反事实公平性#

本文使用 DoWhy 介绍并复现了 Kusner 等人 (2018) 提出的反事实公平性。

反事实公平性是一种个体层面的因果公平性度量，它捕捉了这样一个概念：如果估计器的决策在 (a) 现实世界中和 (b) 个体与不同人口群体相关的反事实世界中保持一致，那么该决策就被认为是公平的。

何时应用反事实公平性？#

用于评估预测是否具有个体因果公平性，即预测对于给定个体 i 是否公平。

估计反事实公平性需要什么？#

包含受保护属性或代理变量的数据集。
结构因果模型 (SCM)：可以使用 SCM 发现算法发现，或通过专家驱动的因果 DAG 创建。

符号#

A：个体的受保护属性集合，代表不得受到歧视的变量。
a：受保护属性在现实世界中取的实际值。
a’：受保护属性的反事实（/翻转）值。
X：任何特定个体的其他可观测属性。
U：未被观测到的相关潜在属性集合。
Y：要预测的结果，可能受到历史偏差的污染。
$\hat{Y}$：预测器，一个随机变量，依赖于 A、X 和 U，由机器学习算法生成，作为 Y 的预测。

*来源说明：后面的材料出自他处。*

text \<open>The limit in an affine set of a Fejer monotone sequence is the projection of its starting point,
  because every step, hence \<open>x n - x 0\<close> and its limit, is orthogonal to \<open>Z - Z\<close>.\<close>
lemma fejer_limit_metric_proj:
  fixes x :: "nat \<Rightarrow> 'a::real_inner"
  assumes Z: "affine Z" and fejer: "\<And>n w. w \<in> Z \<Longrightarrow> dist (x (Suc n)) w \<le> dist (x n) w"
    and z: "z \<in> Z" "x \<longlonglongrightarrow> z"
  shows "z = metric_proj Z (x 0)"
proof (rule metric_proj_eqI[OF z(1), symmetric])
  fix a b assume "a \<in> Z" "b \<in> Z"
  have "(x n - x 0) \<bullet> (a - b) = 0" for n
  proof (induction n)
    case (Suc n)
    have "(x (Suc n) - x n) \<bullet> (a - b) = 0"
      using affine_fejer_orthogonal[OF Z \<open>a \<in> Z\<close> \<open>b \<in> Z\<close> fejer] .
    then show ?case using Suc.IH by (simp add: inner_diff_left)
  qed simp
  moreover have "(\<lambda>n. (x n - x 0) \<bullet> (a - b)) \<longlonglongrightarrow> (z - x 0) \<bullet> (a - b)"
    by (intro tendsto_intros z(2))
  ultimately have "(z - x 0) \<bullet> (a - b) = 0" by (simp add: LIMSEQ_const_iff)
  then show "(x 0 - z) \<bullet> (a - b) = 0" by (simp add: inner_diff_left)
qed

theorem theorem7p2:
  fixes T :: "'i \<Rightarrow> 'a::{real_inner, complete_space} \<Rightarrow> 'a"
    and I :: "'i set" and r :: "nat \<Rightarrow> 'i" and x0 :: 'a
  assumes "finite I"
    and "\<And>i. i \<in> I \<Longrightarrow> averaged_nonexpansive (T i)"
    and "\<And>i. i \<in> I \<Longrightarrow> boundedly_regular_op (T i)"
    and "(\<Inter>i\<in>I. Fix (T i)) \<noteq> {}"
    and "innately_boundedly_regular I (\<lambda>i. Fix (T i))"
    and "random_map I r"
  defines "x \<equiv> rec_nat x0 (\<lambda>n xn. T (r n) xn)"
  shows "\<exists>z \<in> (\<Inter>i\<in>I. Fix (T i)). x \<longlonglongrightarrow> z \<and>
           (affine (\<Inter>i\<in>I. Fix (T i)) \<longrightarrow> z = metric_proj (\<Inter>i\<in>I. Fix (T i)) x0)"
proof -
  define Z where "Z = (\<Inter>i\<in>I. Fix (T i))"
  have rI: "\<And>n. r n \<in> I" using assms(6) unfolding random_map_def by blast
  have x_Suc: "\<And>n. x (Suc n) = T (r n) (x n)" by (simp add: x_def)
  have fejer: "dist (x (Suc n)) w \<le> dist (x n) w" if "w \<in> Fix (T (r n))" for n w
    using nonexpansive_fejer[OF nonexpansive_if_averaged[OF assms(2)[OF rI]]] that
    by (simp add: x_Suc Fix_def)
  then have fejer_Z: "dist (x (Suc n)) w \<le> dist (x n) w" if "w \<in> Z" for n w
    using that rI unfolding Z_def by blast
  obtain p where "p \<in> Z" using assms(4) Z_def by blast
  then have "(\<lambda>n. infdist (x n) (Fix (T (r n)))) \<longlonglongrightarrow> 0"
    using iteration_approaches_active_fixed_sets[of I T r x p, OF assms(1-3) rI x_Suc]
    by (simp add: Z_def Fix_def)
  then have "(\<lambda>n. infdist (x n) Z) \<longlonglongrightarrow> 0"
    unfolding Z_def using fejer_bounded[of x, OF fejer_Z[OF \<open>p \<in> Z\<close>]] fejer
    by (intro random_iteration_approaches_intersection[OF assms(5,6)])
  moreover have "closed Z"
    unfolding Z_def using closed_Fix nonexpansive_if_averaged assms(2) by blast
  ultimately obtain z where z: "z \<in> Z" "x \<longlonglongrightarrow> z"
    using fejer_convergent[of Z x, OF _ _ fejer_Z] assms(4) Z_def by blast
  moreover have "affine Z \<Longrightarrow> z = metric_proj Z x0"
    using fejer_limit_metric_proj[of Z x, OF _ fejer_Z z] by (simp add: x_def)
  ultimately show ?thesis unfolding Z_def by blast
qed

end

根据 Pearl 的定义，结构因果模型 M 被定义为一个四元组 (U, V, F, P(u))，可以使用有向无环图 (DAG) 表示，其中

U：由模型外部因素决定的外生（未观测到）变量集合。
V：内生（观测到）变量集合 {V1 … Vn}，完全由模型中的变量（U 和 V）决定。注意：V 包括特征 X 和输出 Y。
F：结构方程集合 {f1 … fn}，其中每个 fi 是 Vi 根据 U 和 V 当前（相关）值被赋予值 fi(v,u) 的过程。
P(u)：U 的（先验）分布。
do(Zi = z)：(Do) 干预 (Pearl 2000, Ch. 3)，表示对 M 的操作，其中选定的干预变量 Z（V 的子集）的值被设置为常数 z，而不管这些值通常是如何由 DAG 生成的。这捕捉了系统外部的代理通过强制为 Zi 赋予值 z 来修改系统的想法（例如，在随机实验中）。在公平性文献中，Z 通常包含受保护属性，如种族、性别等。

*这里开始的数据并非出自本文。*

lemma blk_of_bounds:
  assumes "p < blk_off k d"
  shows "blk_of k p < d" "blk_off k (blk_of k p) \<le> p" "p < blk_off k (blk_of k p) + k (blk_of k p)"
proof -
  have "\<exists>i<d. blk_off k i \<le> p \<and> p < blk_off k i + k i"
    using assms
  proof (induction d)
    case (Suc d)
    then show ?case
      by (cases "p < blk_off k d") (auto intro: less_SucI)
  qed (simp add: blk_off_def)
  then obtain i where "i < d" "blk_off k i \<le> p" "p < blk_off k i + k i"
    by blast
  with blk_of_eq show "blk_of k p < d" "blk_off k (blk_of k p) \<le> p"
      "p < blk_off k (blk_of k p) + k (blk_of k p)"
    by simp_all
qed

lemma sum_over_block:
  fixes f :: "nat \<Rightarrow> 'a::comm_monoid_add"
  assumes "j < d"
  shows "(\<Sum>x<blk_off k d. if blk_of k x = j then f x else 0) = (\<Sum>a<k j. f (blk_off k j + a))"
proof -
  have "{x. x < blk_off k d \<and> blk_of k x = j} = (\<lambda>a. blk_off k j + a) ` {..<k j}"
  proof (intro equalityI subsetI)
    fix x assume "x \<in> {x. x < blk_off k d \<and> blk_of k x = j}"
    then have "x = blk_off k j + (x - blk_off k j)" "x - blk_off k j < k j"
      using blk_of_bounds[of x k d] by auto
    then show "x \<in> (\<lambda>a. blk_off k j + a) ` {..<k j}"
      by blast
  qed (use blk_off_add_less[OF assms] in auto)
  then have "(\<Sum>x<blk_off k d. if blk_of k x = j then f x else 0) = sum f ((\<lambda>a. blk_off k j + a) ` {..<k j})"
    by (simp add: sum.If_cases Collect_conj_eq lessThan_def Int_commute)
  also have "\<dots> = (\<Sum>a<k j. f (blk_off k j + a))"
    by (simp add: sum.reindex)
  finally show ?thesis .
qed

section \<open>Block matrices with constant off-diagonal blocks\<close>

text \<open>Versions of block_const_mat and quotient_mat over an arbitrary commutative ring, needed
  for the polynomial matrices tI - A.\<close>

definition block_const_mat' ::
  "nat \<Rightarrow> (nat \<Rightarrow> nat) \<Rightarrow> (nat \<Rightarrow> 'a::comm_ring_1 mat) \<Rightarrow> (nat \<Rightarrow> nat \<Rightarrow> 'a) \<Rightarrow> 'a mat" where
  "block_const_mat' d k B c = mat (blk_off k d) (blk_off k d) (\<lambda>(p, q).
     (let i = blk_of k p; j = blk_of k q in
      if i = j then B i $$ (p - blk_off k i, q - blk_off k i) else c i j))"

definition quotient_mat' ::
  "nat \<Rightarrow> (nat \<Rightarrow> nat) \<Rightarrow> (nat \<Rightarrow> 'a::comm_ring_1) \<Rightarrow> (nat \<Rightarrow> nat \<Rightarrow> 'a) \<Rightarrow> 'a mat" where
  "quotient_mat' d k s c = mat d d (\<lambda>(i, j). if i = j then s i else c i j * of_nat (k j))"

definition deflated_mat :: "'a::comm_ring_1 mat \<Rightarrow> 'a mat" where
  "deflated_mat B = mat (dim_row B - 1) (dim_row B - 1) (\<lambda>(a, b). B $$ (Suc a, Suc b) - B $$ (0, Suc b))"

locale row_regular_blocks =
  fixes d :: nat and k :: "nat \<Rightarrow> nat" and B :: "nat \<Rightarrow> 'a::comm_ring_1 mat"
    and s :: "nat \<Rightarrow> 'a" and c :: "nat \<Rightarrow> nat \<Rightarrow> 'a"
  assumes k_pos: "i < d \<Longrightarrow> 0 < k i"
    and B_carrier: "i < d \<Longrightarrow> B i \<in> carrier_mat (k i) (k i)"
    and B_row_sum: "i < d \<Longrightarrow> p < k i \<Longrightarrow> (\<Sum>q<k i. B i $$ (p, q)) = s i"
begin

abbreviation "n \<equiv> blk_off k d"
abbreviation "M \<equiv> block_const_mat' d k B c"
abbreviation "blk \<equiv> blk_of k"
abbreviation "off \<equiv> blk_off k"
abbreviation head :: "nat \<Rightarrow> bool" where "head p \<equiv> off (blk p) = p"

lemma head_off: "i < d \<Longrightarrow> head (off i)"
  using blk_of_off_add[of 0 k i] k_pos by simp

lemma off_less: "i < d \<Longrightarrow> off i < n"
  using blk_off_add_less[of i d 0 k] k_pos by simp

lemma M_carrier: "M \<in> carrier_mat n n"
  by (simp add: block_const_mat'_def)

lemma M_index:
  "p < n \<Longrightarrow> q < n \<Longrightarrow> M $$ (p, q) =
    (if blk p = blk q then B (blk p) $$ (p - off (blk p), q - off (blk p)) else c (blk p) (blk q))"
  by (simp add: block_const_mat'_def Let_def)

lemma M_block_row_sum:
  assumes p: "p < n" and j: "j < d"
  shows "(\<Sum>a<k j. M $$ (p, off j + a)) = (if blk p = j then s j else of_nat (k j) * c (blk p) j)"
proof (cases "blk p = j")
  case True
  have "p - off j < k j"
    using blk_of_bounds[OF p] True by simp
  then have "(\<Sum>a<k j. M $$ (p, off j + a)) = (\<Sum>a<k j. B j $$ (p - off j, a))"
    using True p blk_off_add_less[OF j] by (intro sum.cong) (simp_all add: M_index)
  then show ?thesis
    using B_row_sum[OF j \<open>p - off j < k j\<close>] True by simp
next
  case False
  then have "(\<Sum>a<k j. M $$ (p, off j + a)) = (\<Sum>a<k j. c (blk p) j)"
    using p blk_off_add_less[OF j] by (intro sum.cong) (simp_all add: M_index)
  with False show ?thesis
    by simp
qed

text \<open>Right multiplication by R adds up the columns of each block in the head column of the
  block; left multiplication by L, the inverse of R, subtracts the head row of each block from
  the other rows of the block.\<close>

definition R :: "'a mat" where
  "R = mat n n (\<lambda>(x, y). if head y then of_bool (blk x = blk y) else of_bool (x = y))"

definition L :: "'a mat" where
  "L = mat n n (\<lambda>(p, x). of_bool (p = x) - of_bool (\<not> head p \<and> x = off (blk p)))"

lemma R_carrier: "R \<in> carrier_mat n n"
  by (simp add: R_def)

lemma L_carrier: "L \<in> carrier_mat n n"
  by (simp add: L_def)

lemma det_R: "det R = 1"
proof (rule det_unit_lower_triangular)
  show "R $$ (x, y) = 0" if "x < y" "y < n" for x y
    using that blk_of_bounds[of x k d] by (auto simp: R_def)
qed (simp_all add: R_def)

lemma det_L: "det L = 1"
proof (rule det_unit_lower_triangular)
  show "L $$ (p, x) = 0" if "p < x" "x < n" for p x
    using that blk_of_bounds[of p k d] by (auto simp: L_def)
qed (auto simp: L_def)

lemma M_R_index:
  assumes p: "p < n" and y: "y < n"
  shows "(M * R) $$ (p, y) = (if head y then
      (if blk p = blk y then s (blk y) else of_nat (k (blk y)) * c (blk p) (blk y))
    else M $$ (p, y))"
proof -
  have MR: "(M * R) $$ (p, y) = (\<Sum>x<n. M $$ (p, x) * R $$ (x, y))"
    using p y by (simp add: R_def block_const_mat'_def scalar_prod_def atLeast0LessThan)
  show ?thesis
  proof (cases "head y")
    case True
    have "(\<Sum>x<n. M $$ (p, x) * R $$ (x, y)) = (\<Sum>x<n. if blk x = blk y then M $$ (p, x) else 0)"
      using y True by (intro sum.cong) (auto simp: R_def)
    also have "\<dots> = (\<Sum>a<k (blk y). M $$ (p, off (blk y) + a))"
      using blk_of_bounds[OF y] by (simp add: sum_over_block)
    finally show ?thesis
      using MR True M_block_row_sum[OF p blk_of_bounds(1)[OF y]] by simp
  next
    case False
    have "(\<Sum>x<n. M $$ (p, x) * R $$ (x, y)) = (\<Sum>x<n. if x = y then M $$ (p, y) else 0)"
      using y False by (intro sum.cong) (auto simp: R_def)
    with MR y False show ?thesis
      by simp
  qed
qed

lemma L_mult_index:
  assumes X: "X \<in> carrier_mat n n" and p: "p < n" and y: "y < n"
  shows "(L * X) $$ (p, y) = (if head p then X $$ (p, y) else X $$ (p, y) - X $$ (off (blk p), y))"
proof -
  have off: "off (blk p) < n"
    using off_less blk_of_bounds[OF p] by simp
  have "(L * X) $$ (p, y) = (\<Sum>x<n. L $$ (p, x) * X $$ (x, y))"
    using X p y by (simp add: L_def scalar_prod_def atLeast0LessThan)
  also have "\<dots> = (\<Sum>x<n. (if x = p then X $$ (x, y) else 0) -
      (if \<not> head p \<and> x = off (blk p) then X $$ (x, y) else 0))"
    using p by (intro sum.cong) (auto simp: L_def)
  also have "\<dots> = (if head p then X $$ (p, y) else X $$ (p, y) - X $$ (off (blk p), y))"
    using p off by (cases "head p") (simp_all add: sum_subtractf)
  finally show ?thesis .
qed

definition N :: "'a mat" where
  "N = L * (M * R)"

lemma N_carrier: "N \<in> carrier_mat n n"
  unfolding N_def by (rule mult_carrier_mat[OF L_carrier mult_carrier_mat[OF M_carrier R_carrier]])

lemma det_N: "det N = det M"
proof -
  have "det N = det L * (det M * det R)"
    unfolding N_def
    using det_mult[OF L_carrier mult_carrier_mat[OF M_carrier R_carrier]] det_mult[OF M_carrier R_carrier]
    by simp
  then show ?thesis
    by (simp add: det_L det_R)
qed

lemma N_index:
  "p < n \<Longrightarrow> y < n \<Longrightarrow>
    N $$ (p, y) = (if head p then (M * R) $$ (p, y) else (M * R) $$ (p, y) - (M * R) $$ (off (blk p), y))"
  using L_mult_index[OF mult_carrier_mat[OF M_carrier R_carrier]] by (simp add: N_def)

definition tail :: "nat \<Rightarrow> nat set" where
  "tail i = {off i <..< off i + k i}"

lemma tail_blk: "p \<in> tail i \<Longrightarrow> blk p = i \<and> \<not> head p"
  using blk_of_eq[of k i p] by (auto simp: tail_def)

lemma tail_less: "i < d \<Longrightarrow> p \<in> tail i \<Longrightarrow> p < n"
  using blk_off_mono[of "Suc i" d k] by (auto simp: tail_def)

lemma not_head_in_tail: "p < n \<Longrightarrow> \<not> head p \<Longrightarrow> p \<in> tail (blk p)"
  using blk_of_bounds[of p k d] by (auto simp: tail_def)

lemma N_tail_row_zero:
  assumes i: "i < d" and p: "p \<in> tail i" and y: "y < n" "y \<notin> tail i"
  shows "N $$ (p, y) = 0"
proof -
  have p_blk: "blk p = i" "\<not> head p"
    using tail_blk[OF p] by auto
  have off_blk: "blk (off i) = i"
    using blk_of_off_add[of 0 k i] k_pos[OF i] by simp
  have N_eq: "N $$ (p, y) = (M * R) $$ (p, y) - (M * R) $$ (off i, y)"
    using N_index[OF tail_less[OF i p] y(1)] p_blk by simp
  show ?thesis
  proof (cases "head y")
    case True
    with N_eq show ?thesis
      using M_R_index[OF tail_less[OF i p] y(1)] M_R_index[OF off_less[OF i] y(1)] p_blk off_blk
      by simp
  next
    case False
    then have "blk y \<noteq> i"
      using not_head_in_tail[OF y(1)] y(2) by auto
    with N_eq False show ?thesis
      using M_R_index[OF tail_less[OF i p] y(1)] M_R_index[OF off_less[OF i] y(1)] p_blk off_blk
        M_index[OF tail_less[OF i p] y(1)] M_index[OF off_less[OF i] y(1)]
      by simp
  qed
qed

lemma N_tail_index:
  assumes i: "i < d" and a: "a < k i - 1" and b: "b < k i - 1"
  shows "N $$ (Suc (off i + a), Suc (off i + b)) = deflated_mat (B i) $$ (a, b)"
proof -
  have in_tail: "Suc (off i + a) \<in> tail i" "Suc (off i + b) \<in> tail i"
    using a b by (auto simp: tail_def)
  note less_n = tail_less[OF i in_tail(1)] tail_less[OF i in_tail(2)] off_less[OF i]
  have blks: "blk (Suc (off i + a)) = i" "blk (Suc (off i + b)) = i" "blk (off i) = i"
    using tail_blk[OF in_tail(1)] tail_blk[OF in_tail(2)] blk_of_off_add[of 0 k i] k_pos[OF i] by auto
  show ?thesis
    using N_index[OF less_n(1,2)] M_R_index[OF less_n(1,2)] M_R_index[OF less_n(3,2)]
      M_index[OF less_n(1,2)] M_index[OF less_n(3,2)] blks tail_blk[OF in_tail(2)] a b B_carrier[OF i]
    by (simp add: deflated_mat_def)
qed

lemma N_head_index:
  assumes i: "i < d" and j: "j < d"
  shows "N $$ (off i, off j) = quotient_mat' d k s c $$ (i, j)"
  using N_index[OF off_less[OF i] off_less[OF j]] M_R_index[OF off_less[OF i] off_less[OF j]]
    head_off[OF i] head_off[OF j] blk_of_off_add[of 0 k i] blk_of_off_add[of 0 k j] k_pos[OF i] k_pos[OF j] i j
  by (auto simp: quotient_mat'_def mult.commute)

M 是因果的，因为给定 P(U)，在对子集 Z 进行 do 干预后，我们可以推导出 V 中其余未受干预变量的分布。

[1]:

import warnings
from collections import namedtuple
from typing import Any, Callable, Dict, List, Tuple, Union
import matplotlib.pyplot as plt
import numpy as np
import pandas as pd
from scipy import stats
import sklearn
from sklearn.neighbors import KernelDensity
from sklearn.mixture import GaussianMixture
from sklearn.linear_model import LogisticRegression, LinearRegression
from sklearn.preprocessing import LabelEncoder
from sklearn.base import BaseEstimator

import warnings
import dowhy
import matplotlib.pyplot as plt
import dowhy.gcm as gcm
import networkx as nx

from sklearn import datasets, metrics
from typing import List, Any, Union

import matplotlib.pyplot as plt
import pandas as pd
from sklearn.base import BaseEstimator


def analyse_counterfactual_fairness(
    df: pd.DataFrame,
    estimator: Union[BaseEstimator],
    protected_attrs: List[str],
    dag: List[Tuple],
    X: List[str],
    target: str,
    disadvantage_group: dict,
    intersectional: bool = False,
    return_cache: bool = False,
) -> Union[float, Tuple[float, pd.DataFrame, pd.DataFrame]]:
    """
    Calculates Counterfactual Fairness following Kusner et al. (2018)
    Reference - https://arxiv.org/pdf/1703.06856.pdf

    Args:
        df (pd.DataFrame): Pandas DataFrame containing non-factorized/dummified versions of categorical
            variables, the predicted ylabel, and other variables consumed by the predictive model.
        estimator (Union[BaseEstimator]): Predictive model to be used for generating the output.
        protected_attrs (List[str]): List of protected attributes in the dataset.
        dag (List[Tuple]): List of tuples representing the Directed Acyclic Graph (DAG) structure.
        X (List[str]): List of features to be used by the estimator.
        target (str): Name of the target variable in df.
        disadvantage_group (dict): Dictionary specifying the disadvantaged group for each protected attribute.
        intersectional (bool, optional): If True, considers intersectional fairness. Defaults to False.
        return_cache (bool, optional): If True, returns the counterfactual values with observed and
            counterfactual protected attribute interventions for each row in df. Defaults to False.

    Returns:
        counterfactual_fairness (Union[float, Tuple[float, pd.DataFrame, pd.DataFrame]]):
            - If return_cache is False, returns the calculated counterfactual fairness as a float.
            - If return_cache is True, returns a tuple containing counterfactual fairness as a float,
              DataFrame df_obs with observed counterfactual values, and DataFrame df_cf with perturbered counterfactual values.
    """

    invt_local_causal_model = gcm.InvertibleStructuralCausalModel(nx.DiGraph(dag))
    gcm.auto.assign_causal_mechanisms(invt_local_causal_model, df)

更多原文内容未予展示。